What you need to do ▸ Narrow the data below down to the lines containing "longer".

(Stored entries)
* * * *
lemma penrose_unique:
  assumes "penrose A X" "penrose A Y" shows "X = Y"
proof -
  have a: "A ** X ** A = A" "X ** A ** X = X" "transpose (A ** X) = A ** X" "transpose (X ** A) = X ** A"
    using assms(1) by (auto simp: penrose_def)
  have b: "A ** Y ** A = A" "Y ** A ** Y = Y" "transpose (A ** Y) = A ** Y" "transpose (Y ** A) = Y ** A"
    using assms(2) by (auto simp: penrose_def)
  have "X = X ** (A ** X)" using a by (simp add: matrix_mul_assoc)
  also have "\<dots> = X ** transpose X ** transpose A"
    using a(3) by (metis matrix_transpose_mul matrix_mul_assoc)
  also have "transpose A = transpose A ** transpose Y ** transpose A"
    by (metis b(1) matrix_transpose_mul matrix_mul_assoc)
  also have "X ** transpose X ** (transpose A ** transpose Y ** transpose A)
     = X ** (transpose X ** transpose A) ** (transpose Y ** transpose A)"
    by (simp add: matrix_mul_assoc)
  also have "\<dots> = X ** (A ** X) ** (A ** Y)"
    by (metis a(3) b(3) matrix_transpose_mul)
  also have "\<dots> = (X ** A ** X) ** A ** Y" by (simp add: matrix_mul_assoc)
  finally have X: "X = X ** A ** Y" using a by (simp add: matrix_mul_assoc)
  have "Y = (Y ** A) ** Y" using b by (simp add: matrix_mul_assoc)
  also have "\<dots> = transpose A ** transpose Y ** Y"
    using b(4) by (metis matrix_transpose_mul)
  also have "transpose A = transpose A ** transpose X ** transpose A"
    by (metis a(1) matrix_transpose_mul matrix_mul_assoc)
  also have "(transpose A ** transpose X ** transpose A) ** transpose Y ** Y
     = (transpose A ** transpose X) ** (transpose A ** transpose Y) ** Y"
    by (simp add: matrix_mul_assoc)
  also have "\<dots> = (X ** A) ** (Y ** A) ** Y"
    by (metis a(4) b(4) matrix_transpose_mul)
  also have "\<dots> = X ** A ** (Y ** A ** Y)" by (simp add: matrix_mul_assoc)
  finally have Y: "Y = X ** A ** Y" using b by simp
  show ?thesis using X Y by simp
qed
lemma admissible_insert_edge:
  assumes "u < n" "v < n" "u \<noteq> v" "(v, u) \<notin> E"
    and between: "\<And>w. cw n u w v \<Longrightarrow> (u, w) \<in> E \<and> (w, v) \<in> E"
  shows "admissible n (insert (u, v) E)"
proof -
  have "digraph n (insert (u, v) E)"
    using assms(1-3) edges_subset no_loop unfolding digraph_def by auto
  moreover have "two_free (insert (u, v) E)"
    using assms(4) edge_asym unfolding two_free_def by blast
  moreover have "(a, b) \<in> insert (u, v) E \<and> (b, c) \<in> insert (u, v) E"
    if "cw n a b c" "(a, c) \<in> insert (u, v) E" for a b c
    using that between edge_between by blast
  ultimately show ?thesis
    unfolding admissible_def circ_interval_def by blast
qed

text \<open>The new edge \<open>uv\<close> destroys only the 2-paths \<open>u b v\<close> and \<open>v b u\<close>, and creates the 2-paths
  \<open>u v c\<close> and \<open>a u v\<close>.\<close>

lemma P3t_insert_edge:
  assumes "u < n" "v < n" "u \<noteq> v" "(u, v) \<notin> E" "(v, u) \<notin> E"
  shows "P3t n E + card {c. (v, c) \<in> E \<and> nonadj E u c} + card {a. (a, u) \<in> E \<and> nonadj E a v}
    \<le> P3t n (insert (u, v) E) + card {b. (u, b) \<in> E \<and> (b, v) \<in> E}
      + card {b. (v, b) \<in> E \<and> (b, u) \<in> E}"
proof -
  define Out where "Out = {c. (v, c) \<in> E \<and> nonadj E u c}"
  define In where "In = {a. (a, u) \<in> E \<and> nonadj E a v}"
  define Via1 where "Via1 = {b. (u, b) \<in> E \<and> (b, v) \<in> E}"
  define Via2 where "Via2 = {b. (v, b) \<in> E \<and> (b, u) \<in> E}"
  define Lost where "Lost = (\<lambda>b. (u, b, v)) ` Via1 \<union> (\<lambda>b. (v, b, u)) ` Via2"
  define New where "New = (\<lambda>c. (u, v, c)) ` Out \<union> (\<lambda>a. (a, u, v)) ` In"
  have fin: "finite Out" "finite In" "finite Via1" "finite Via2"
    unfolding Out_def In_def Via1_def Via2_def
    by (auto intro: finite_subset[OF _ finite_out] finite_subset[OF _ finite_in])
  have "card (P3_triples n E) + card New \<le> card (P3_triples n (insert (u, v) E)) + card Lost"
  proof (rule card_le_of_exchange[OF finite_P3_triples finite_P3_triples])
    show "finite Lost" using fin by (simp add: Lost_def)
    show "P3_triples n E - Lost \<subseteq> P3_triples n (insert (u, v) E)"
      unfolding Lost_def P3_triples_def Via1_def Via2_def by auto
    show "New \<subseteq> P3_triples n (insert (u, v) E)"
      using assms edge_lt no_loop unfolding New_def P3_triples_def Out_def In_def nonadj_def by auto
    show "New \<inter> P3_triples n E = {}"
      using assms(4) unfolding New_def P3_triples_def by auto
  qed
  moreover have "card New = card Out + card In"
    using assms(3) fin unfolding New_def
    by (subst card_Un_disjoint) (auto simp: card_image inj_on_def)
  moreover have "card Lost \<le> card Via1 + card Via2"
    unfolding Lost_def using card_Un_le card_image_le[OF fin(3)] card_image_le[OF fin(4)]
    by (rule order_trans[OF _ add_mono])
  ultimately show ?thesis
    unfolding P3t_eq_card Out_def In_def Via1_def Via2_def by linarith
qed

lemma P3t_insert_edge_mono:
  assumes "u < n" "v < n" "u \<noteq> v" "(u, v) \<notin> E" "(v, u) \<notin> E"
    and "\<And>b. (u, b) \<in> E \<Longrightarrow> (b, v) \<notin> E" "\<And>b. (v, b) \<in> E \<Longrightarrow> (b, u) \<notin> E"
  shows "P3t n E + card {c. (v, c) \<in> E \<and> nonadj E u c} \<le> P3t n (insert (u, v) E)"
proof -
  have "{b. (u, b) \<in> E \<and> (b, v) \<in> E} = {}" "{b. (v, b) \<in> E \<and> (b, u) \<in> E} = {}"
    using assms(6,7) by auto
  from P3t_insert_edge[OF assms(1-5), unfolded this] show ?thesis by simp
qed

lemma xi_insert_short_non_edge:
  assumes "non_edge n E (u, v)" "dist_cw n u v = 1" "has_long_edge n E"
  shows "xi n (insert (u, v) E) < xi n E"
proof -
  let ?E' = "insert (u, v) E"
  obtain g1 g2 w where g: "(g1, g2) \<in> E" "cw n g1 w g2"
    using assms(3) by (auto simp: has_long_edge_def)
  have "xi_pairs n ?E' \<subseteq> xi_pairs n E"
  proof
    fix y assume "y \<in> xi_pairs n ?E'"
    then obtain e f where y: "y = (e, f)" "e \<in> ?E'" "non_edge n ?E' f"
      and longer: "dist_cw n (fst f) (snd f) < dist_cw n (fst e) (snd e)"
      by (auto simp: xi_pairs_def)
    have "e \<noteq> (u, v)" using longer assms(2) by (auto simp: dist_cw_def)
    then show "y \<in> xi_pairs n E" using y longer by (auto simp: xi_pairs_def non_edge_def)
  qed
  moreover have "((g1, g2), (u, v)) \<in> xi_pairs n E - xi_pairs n ?E'"
  proof -
    have "dist_cw n g1 g2 \<noteq> 1" unfolding dist_cw_eq_1_iff using g(2) by blast
    then have "dist_cw n u v < dist_cw n g1 g2" using assms(2) by (simp add: dist_cw_def)
    then show ?thesis using g(1) assms(1) by (simp add: xi_pairs_def non_edge_def)
  qed
  moreover have "finite (xi_pairs n E)"
    using xi_pairs_subset[OF edges_subset] finite_subset by blast
  ultimately have "xi_pairs n ?E' \<subset> xi_pairs n E" "finite (xi_pairs n E)" by blast+
  then show ?thesis unfolding xi_eq_card by (simp add: psubset_card_mono)
qed

lemma no_return_to_0:
  assumes pq: "0 < p" "p < q" "q < n"
    and nonadj: "nonadj E 0 p" "nonadj E 0 q" "nonadj E p q"
  shows "(1, 0) \<notin> E" and "(1, b) \<in> E \<Longrightarrow> (b, 0) \<notin> E"
proof
  assume e: "(1, 0) \<in> E"
  have "p = 1 \<or> cw n 1 p 0" using pq by (auto simp: cw_iff)
  then have "(p, 0) \<in> E" using e edge_between[OF e, of p] by blast
  then show False using nonadj(1) by (simp add: nonadj_def)
next
  assume b1: "(1, b) \<in> E"
  show "(b, 0) \<notin> E"
  proof
    assume b0: "(b, 0) \<in> E"
    have "b \<noteq> 0" using b0 no_loop by metis
    have "b \<noteq> q" "b < n" using b0 nonadj(2) edge_lt[OF b0] by (auto simp: nonadj_def)
    show False
    proof (cases "b < q")
      case True
      then have "cw n b q 0" using \<open>b \<noteq> 0\<close> pq by (auto simp: cw_iff)
      then show False using edge_between[OF b0, of q] nonadj(2) by (simp add: nonadj_def)
    next
      case False
      then have qb: "q < b" using \<open>b \<noteq> q\<close> by simp
      have "(p, b) \<in> E"
      proof (cases "p = 1")
        case False
        then show ?thesis using edge_between_forward[OF b1, of p] pq qb by simp
      qed (use b1 in simp)
      then have "(p, q) \<in> E" using edge_between_forward[of p b q] pq qb by simp
      then show False using nonadj(3) by (simp add: nonadj_def)
    qed
  qed
qed

lemma improvable_if_long_edge_sink_at_0:
  assumes pq: "0 < p" "p < q" "q < n"
    and nonadj: "nonadj E 0 p" "nonadj E 0 q" "nonadj E p q"
    and sink: "\<And>c. (0, c) \<notin> E" and long: "has_long_edge n E"
  shows "improvable n E"
proof -
  note no_return = no_return_to_0[OF pq nonadj]
  have n1: "1 < n" using pq by simp
  have "dist_cw n 0 1 = 1"
    unfolding dist_cw_eq_1_iff using not_cw_Suc_mod[of 0 n] n1 by simp
  moreover have "non_edge n E (0, 1)" using n1 sink no_return(1) by (simp add: non_edge_def)
  ultimately have "xi n (insert (0, 1) E) < xi n E"
    using xi_insert_short_non_edge long by blast
  moreover have "admissible n (insert (0, 1) E)"
    using n1 no_return(1) not_cw_Suc_mod[of 0 n] by (intro admissible_insert_edge) auto
  moreover have "P3t n E \<le> P3t n (insert (0, 1) E)"
    using P3t_insert_edge_mono[of 0 1] n1 sink no_return by simp
  ultimately show ?thesis unfolding improvable_def by (auto simp: le_less)
qed

lemma edge_succ_if_no_long_edge:
  assumes "\<not> has_long_edge n E" "(a, b) \<in> E"
  shows "b = Suc a mod n"
proof -
  have "a \<noteq> b" using assms(2) no_loop by metis
  then show ?thesis
    using Suc_mod_if_not_cw[of a n b] assms edge_lt by (auto simp: has_long_edge_def)
qed

lemma short_edges_rise:
  assumes "\<not> has_long_edge n E" "E \<noteq> {}" "t < n" "\<And>c. (t, c) \<notin> E"
  obtains w where "w < n" "(w, Suc w mod n) \<notin> E" "(Suc w mod n, Suc (Suc w) mod n) \<in> E"
proof -
  obtain a b where "(a, b) \<in> E" using assms(2) by auto
  then have "a < n" "(a, Suc a mod n) \<in> E"
    using edge_lt edge_succ_if_no_long_edge[OF assms(1)] by auto
  then show ?thesis
    using cyclic_rise[of t n a "\<lambda>i. (i, Suc i mod n) \<in> E"] assms(3,4) that
    by (auto simp: mod_Suc_eq)
qed

lemma improvable_if_short_edges:
  assumes n: "4 \<le> n" and short: "\<not> has_long_edge n E"
    and sink: "t < n" "\<And>c. (t, c) \<notin> E"
  shows "improvable n E"
proof (cases "E = {}")
  case True
  then show ?thesis using improvable_empty n by simp
next
  case False
  note succ = edge_succ_if_no_long_edge[OF short]
  obtain w where w: "w < n" "(w, Suc w mod n) \<notin> E"
    and w12: "(Suc w mod n, Suc (Suc w) mod n) \<in> E"
    using short_edges_rise[OF short False sink] by blast
  define w1 where "w1 = Suc w mod n"
  define w2 where "w2 = Suc (Suc w) mod n"
  have "w1 \<noteq> w" "w2 \<noteq> w" "Suc (Suc (Suc w)) mod n \<noteq> w"
    using add_mod_neq_self[of w n 1] add_mod_neq_self[of w n 2] add_mod_neq_self[of w n 3] w n
    unfolding w1_def w2_def by (simp_all add: eval_nat_numeral)
  have w12': "(w1, w2) \<in> E" using w12 unfolding w1_def w2_def .
  have no_w1_w: "(w1, w) \<notin> E"
    using succ[of w1 w] \<open>w2 \<noteq> w\<close> unfolding w1_def w2_def by (auto simp: mod_Suc_eq)
  have no_w2_w: "(w2, w) \<notin> E"
    using succ[of w2 w] \<open>Suc (Suc (Suc w)) mod n \<noteq> w\<close> unfolding w2_def
    by (auto simp: mod_Suc_eq)
  have "(w, w2) \<notin> E"
    using succ[of w w2] no_loop[of w1] w12' unfolding w1_def by auto
  then have "w2 \<in> {c. (w1, c) \<in> E \<and> nonadj E w c}"
    using w12' no_w2_w unfolding nonadj_def by simp
  moreover have "finite {c. (w1, c) \<in> E \<and> nonadj E w c}"
    by (rule finite_subset[OF _ finite_out]) auto
  ultimately have "0 < card {c. (w1, c) \<in> E \<and> nonadj E w c}"
    by (auto simp: card_gt_0_iff)
  moreover have "P3t n E + card {c. (w1, c) \<in> E \<and> nonadj E w c} \<le> P3t n (insert (w, w1) E)"
  proof (rule P3t_insert_edge_mono)
    show "(w1, b) \<in> E \<Longrightarrow> (b, w) \<notin> E" for b
      using succ[of w1 b] no_w2_w unfolding w1_def w2_def by (auto simp: mod_Suc_eq)
  qed (use w \<open>w1 \<noteq> w\<close> no_w1_w succ[of w] no_loop[of w1] in \<open>auto simp: w1_def\<close>)
  ultimately have "P3t n E < P3t n (insert (w, w1) E)"
    by linarith
  moreover have "admissible n (insert (w, w1) E)"
    using w \<open>w1 \<noteq> w\<close> no_w1_w not_cw_Suc_mod[of w n]
    by (intro admissible_insert_edge) (auto simp: w1_def)
  ultimately show ?thesis unfolding improvable_def by blast
qed

lemma admissible_rotE: "admissible n (rotE n k E)"
proof -
  have sub: "rotE n k E \<subseteq> {..<n} \<times> {..<n}"
    using edges_subset by (rule rotE_subset)
  have mem: "(rot n k a, rot n k b) \<in> rotE n k E \<longleftrightarrow> (a, b) \<in> E" if "a < n" "b < n" for a b
    using mem_rotE_iff[OF edges_subset that] .
  have "(u, u) \<notin> rotE n k E" for u
  proof
    assume uu: "(u, u) \<in> rotE n k E"
    then have "u < n" using sub by auto
    then obtain a where "a < n" "u = rot n k a" by (rule rot_cases)
    then show False using uu mem no_loop by auto
  qed
  then have "digraph n (rotE n k E)"
    using sub unfolding digraph_def by auto
  moreover have "\<not> ((u, v) \<in> rotE n k E \<and> (v, u) \<in> rotE n k E)" for u v
  proof
    assume uv: "(u, v) \<in> rotE n k E \<and> (v, u) \<in> rotE n k E"
    then have "u < n" "v < n" using sub by auto
    then obtain a b where "a < n" "u = rot n k a" "b < n" "v = rot n k b"
      by (metis rot_cases)
    then show False using uv mem edge_asym by auto
  qed
  then have "two_free (rotE n k E)"
    unfolding two_free_def by blast
  moreover have "(u, v) \<in> rotE n k E \<and> (v, w) \<in> rotE n k E"
    if uvw: "cw n u v w" "(u, w) \<in> rotE n k E" for u v w
  proof -
    obtain a b c where abc: "a < n" "b < n" "c < n"
      and uvw_eq: "u = rot n k a" "v = rot n k b" "w = rot n k c"
      using cw_lt[OF uvw(1)] by (metis rot_cases)
    have "cw n a b c" using uvw(1) cw_rot[OF abc] uvw_eq by simp
    moreover have "(a, c) \<in> E" using uvw(2) mem abc uvw_eq by simp
    ultimately have "(a, b) \<in> E \<and> (b, c) \<in> E" by (rule edge_between[rotated])
    then show ?thesis using mem abc uvw_eq by simp
  qed
  ultimately show ?thesis
    unfolding admissible_def circ_interval_def by blast
qed

lemma nonadj_rotE_iff:
  "a < n \<Longrightarrow> b < n \<Longrightarrow> nonadj (rotE n k E) (rot n k a) (rot n k b) \<longleftrightarrow> nonadj E a b"
  using mem_rotE_iff[OF edges_subset] by (simp add: nonadj_def)

lemma has_long_edge_rotE:
  assumes "has_long_edge n E"
  shows "has_long_edge n (rotE n k E)"
proof -
  obtain a b w where abw: "(a, b) \<in> E" "cw n a w b"
    using assms by (auto simp: has_long_edge_def)
  then have "a < n" "b < n" "w < n" using edge_lt cw_lt by auto
  then show ?thesis using abw mem_rotE_iff[OF edges_subset] cw_rot
    unfolding has_long_edge_def by blast
qed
* * * *
Result for this task ▸
      and longer: "dist_cw n (fst f) (snd f) < dist_cw n (fst e) (snd e)"
    have "e \<noteq> (u, v)" using longer assms(2) by (auto simp: dist_cw_def)
    then show "y \<in> xi_pairs n E" using y longer by (auto simp: xi_pairs_def non_edge_def)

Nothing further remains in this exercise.